AMD inc/decmul_1 mul_1
inc/decmul_1 is bound by 2.333+€ c/w by macro-op retirement of the
pipelined sequence
mov $0,r2
mov (src),AX
mul CX
add r0,-8(dst) // for the decmul_1 version replace
this add with a sub
adc AX,r1
adc DX,r2
mul_1 is very similar
mov $0,r2
mov (src),AX
mul CX
mov r0,-8(dst)
add AX,r1
adc DX,r2
and has the same bound(and runs at the same speed). The incmul_1
sequence is very limiting for the schedulers and pick hardware (the
mul_1 has more flexibility)
A 3-way unroll (which is the minimum for incmul_1) runs at 2.666c/w and
a 4-way unroll runs at 2.5c/w
A version which has 4 cases in the epilog to handle the leftovers
incmul_1_4way runs at 2.5c/w code size
407bytes
A version which jumps into the middle of the loop to handle the
leftovers
incmul_1_4way_jmpin runs at
2.5c/w code size 278bytes
mul_1 has a minimum unroll of 2 , so it is possible that a 2x2-way
unroll could be found which uses 2 less registers.
The next step is a 7-way unroll which runs at 2.428c/w , the mul_1 is
easy to find but for the incmul_1 the schedulers have a hard time as
all the operations are in the ALU's , we can reduce this pressure on
the ALU's by replacing the instruction mov $0,reg by lea
(reg0,reg0,2),reg , where reg0=0 , this uses the AGU instead of the
ALU(even on K10, hence the addressing mode)
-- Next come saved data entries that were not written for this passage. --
lemma cyclic_crossing_change:
  fixes X :: "nat \<Rightarrow> real"
  assumes "0 < \<sigma>" "x0 < x1" and off_lines: "\<forall>j<\<sigma>. X j \<notin> {x0, x1}"
  shows "(\<Sum>j<\<sigma>. of_bool ((X j < x1) \<noteq> (X (nxt \<sigma> j) < x1))
                 - of_bool ((X j < x0) \<noteq> (X (nxt \<sigma> j) < x0)))
       = (\<Sum>j<\<sigma>. of_bool (X j \<in> {x0<..<x1})
                 * (sgn (X (prv \<sigma> j) - X j) + sgn (X (nxt \<sigma> j) - X j)))"
proof -
  let ?W = "{x0<..<x1}"
  \<comment> \<open>Charge the term of the endpoint nxt j of leg j to the point nxt j, whose predecessor is j.\<close>
  have "(\<Sum>j<\<sigma>. of_bool (X (nxt \<sigma> j) \<in> ?W) * sgn (X j - X (nxt \<sigma> j)))
      = (\<Sum>j<\<sigma>. of_bool (X j \<in> ?W) * sgn (X (prv \<sigma> j) - X j))"
    by (rule sum.reindex_bij_witness[where i = "prv \<sigma>" and j = "nxt \<sigma>"])
       (auto simp: prv_nxt nxt_prv nxt_less prv_less \<open>0 < \<sigma>\<close>)
  moreover have "X j \<notin> {x0, x1}" "X (nxt \<sigma> j) \<notin> {x0, x1}" if "j < \<sigma>" for j
    using off_lines that nxt_less[OF \<open>0 < \<sigma>\<close>] by auto
  ultimately show ?thesis
    using crossing_change_of_leg[OF \<open>x0 < x1\<close>]
    by (simp add: sum.distrib algebra_simps)
qed

lemma card_crossings_eq_if_no_turn:
  fixes X :: "nat \<Rightarrow> real"
  assumes "0 < \<sigma>" "x0 < x1" "\<forall>j<\<sigma>. X j \<notin> {x0, x1}"
    and no_turn: "\<forall>j<\<sigma>. X j \<in> {x0<..<x1} \<longrightarrow>
                    sgn (X (prv \<sigma> j) - X j) + sgn (X (nxt \<sigma> j) - X j) = 0"
  shows "card {j. j < \<sigma> \<and> (X j < x0) \<noteq> (X (nxt \<sigma> j) < x0)}
       = card {j. j < \<sigma> \<and> (X j < x1) \<noteq> (X (nxt \<sigma> j) < x1)}"
proof -
  have "(\<Sum>j<\<sigma>. of_bool ((X j < x1) \<noteq> (X (nxt \<sigma> j) < x1)) :: real)
      - (\<Sum>j<\<sigma>. of_bool ((X j < x0) \<noteq> (X (nxt \<sigma> j) < x0))) = 0"
    using cyclic_crossing_change[OF assms(1-3)] no_turn by (simp add: sum_subtractf)
  then show ?thesis
    by (simp add: sum_of_bool_eq Int_def lessThan_def)
qed

lemma shadow_eq_card_crossings:
  assumes "0 < \<sigma>" "\<forall>j<\<sigma>. fst (p j) \<noteq> x"
  shows "shadow \<sigma> p {..<\<sigma>} x
       = card {j. j < \<sigma> \<and> (fst (p j) < x) \<noteq> (fst (p (nxt \<sigma> j)) < x)}"
  unfolding shadow_def using assms leg_meets_iff_crosses nxt_less
  by (intro arg_cong[where f = card]) auto

lemma no_turn_if_not_reflection_point:
  "\<not> reflection_point \<sigma> p j \<Longrightarrow>
     sgn (fst (p (prv \<sigma> j)) - fst (p j)) + sgn (fst (p (nxt \<sigma> j)) - fst (p j)) = 0"
  by (auto simp: not_reflection_point_iff sgn_if)

lemma shadow_constant_between_reflection_points:
  assumes "0 < \<sigma>" "x0 < x1"
    and "\<forall>j<\<sigma>. fst (p j) \<noteq> x0 \<and> fst (p j) \<noteq> x1"
    and "\<forall>j<\<sigma>. reflection_point \<sigma> p j \<longrightarrow> fst (p j) \<notin> {x0..x1}"
  shows "shadow \<sigma> p {..<\<sigma>} x0 = shadow \<sigma> p {..<\<sigma>} x1"
proof -
  have "\<forall>j<\<sigma>. fst (p j) \<in> {x0<..<x1} \<longrightarrow>
          sgn (fst (p (prv \<sigma> j)) - fst (p j)) + sgn (fst (p (nxt \<sigma> j)) - fst (p j)) = 0"
    using assms(4) no_turn_if_not_reflection_point by fastforce
  then show ?thesis
    using assms(1-3) shadow_eq_card_crossings
      card_crossings_eq_if_no_turn[of \<sigma> x0 x1 "\<lambda>j. fst (p j)"]
    by simp
qed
A version which has 7 cases in the epilog to handle the leftovers
incmul_1_7way runs at 2.428c/w
A version which has 7 cases in the epilog to handle the leftovers and
uses a small jump table to choose them
incmul_1_7way_jmpepi runs at
2.428c/w
A version which jumps into the middle of the loop to handle the
leftovers
incmul_1_7way_jmpin runs at
2.428c/w
These arn't really practical so no effort has been made to optimize
them. Code size is the problem for the first 2 and calculating size%7
for the last one.
Further unrolling may be possible , 5x2, 4x4, 2x8 -way unrolls giving
2.4, 2.375, 2.375 c/w